[Work order]
Find the line in the entries below that contains "real \<Rightarrow> (nat \<Rightarrow> real)". Repeat it exactly, and every line after it through the line that contains "real) \<Rightarrow> (nat".

(Data extracts begins)

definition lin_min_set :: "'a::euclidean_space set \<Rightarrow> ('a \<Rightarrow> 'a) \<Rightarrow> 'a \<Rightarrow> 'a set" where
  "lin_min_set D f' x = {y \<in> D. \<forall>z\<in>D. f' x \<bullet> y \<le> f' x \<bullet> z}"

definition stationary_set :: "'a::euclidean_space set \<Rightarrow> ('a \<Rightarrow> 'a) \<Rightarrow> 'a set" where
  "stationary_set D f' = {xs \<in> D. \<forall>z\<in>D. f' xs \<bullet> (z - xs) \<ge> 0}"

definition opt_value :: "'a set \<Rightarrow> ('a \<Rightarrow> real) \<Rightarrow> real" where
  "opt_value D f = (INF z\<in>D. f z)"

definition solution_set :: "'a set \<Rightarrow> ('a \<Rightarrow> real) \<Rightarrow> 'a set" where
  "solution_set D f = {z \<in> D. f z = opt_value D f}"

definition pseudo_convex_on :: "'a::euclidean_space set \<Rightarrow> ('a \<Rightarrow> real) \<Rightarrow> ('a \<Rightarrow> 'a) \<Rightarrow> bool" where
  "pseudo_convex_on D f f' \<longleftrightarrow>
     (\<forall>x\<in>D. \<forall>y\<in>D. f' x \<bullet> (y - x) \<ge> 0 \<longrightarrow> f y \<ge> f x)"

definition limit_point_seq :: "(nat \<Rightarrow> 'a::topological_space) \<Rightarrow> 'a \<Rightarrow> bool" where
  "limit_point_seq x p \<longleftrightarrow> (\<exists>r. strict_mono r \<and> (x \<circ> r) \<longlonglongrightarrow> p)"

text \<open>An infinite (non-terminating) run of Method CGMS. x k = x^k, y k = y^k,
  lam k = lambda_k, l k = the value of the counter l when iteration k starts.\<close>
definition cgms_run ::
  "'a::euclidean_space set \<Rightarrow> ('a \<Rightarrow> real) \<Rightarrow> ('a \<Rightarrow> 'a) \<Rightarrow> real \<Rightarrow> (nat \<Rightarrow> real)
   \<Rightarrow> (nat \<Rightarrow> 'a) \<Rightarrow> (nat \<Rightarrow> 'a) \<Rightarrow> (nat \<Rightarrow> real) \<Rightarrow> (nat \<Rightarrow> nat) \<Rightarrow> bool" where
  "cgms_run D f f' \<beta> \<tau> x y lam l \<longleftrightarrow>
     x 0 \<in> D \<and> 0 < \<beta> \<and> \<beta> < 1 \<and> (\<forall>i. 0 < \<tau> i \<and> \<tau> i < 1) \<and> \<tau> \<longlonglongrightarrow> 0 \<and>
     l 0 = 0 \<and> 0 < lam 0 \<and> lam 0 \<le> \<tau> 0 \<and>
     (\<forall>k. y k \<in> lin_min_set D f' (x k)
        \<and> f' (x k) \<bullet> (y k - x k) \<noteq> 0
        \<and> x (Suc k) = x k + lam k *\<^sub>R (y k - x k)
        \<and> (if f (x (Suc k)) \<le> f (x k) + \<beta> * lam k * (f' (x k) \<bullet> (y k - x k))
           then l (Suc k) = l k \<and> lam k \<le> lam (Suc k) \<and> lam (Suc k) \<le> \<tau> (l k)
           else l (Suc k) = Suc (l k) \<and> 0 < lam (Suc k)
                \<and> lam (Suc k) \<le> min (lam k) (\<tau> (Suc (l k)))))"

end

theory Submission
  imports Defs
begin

(Data extracts ends)

[Written solution]
  "'a::euclidean_space set \<Rightarrow> ('a \<Rightarrow> real) \<Rightarrow> ('a \<Rightarrow> 'a) \<Rightarrow> real \<Rightarrow> (nat \<Rightarrow> real)
   \<Rightarrow> (nat \<Rightarrow> 'a) \<Rightarrow> (nat \<Rightarrow> 'a) \<Rightarrow> (nat \<Rightarrow> real) \<Rightarrow> (nat \<Rightarrow> nat) \<Rightarrow> bool" where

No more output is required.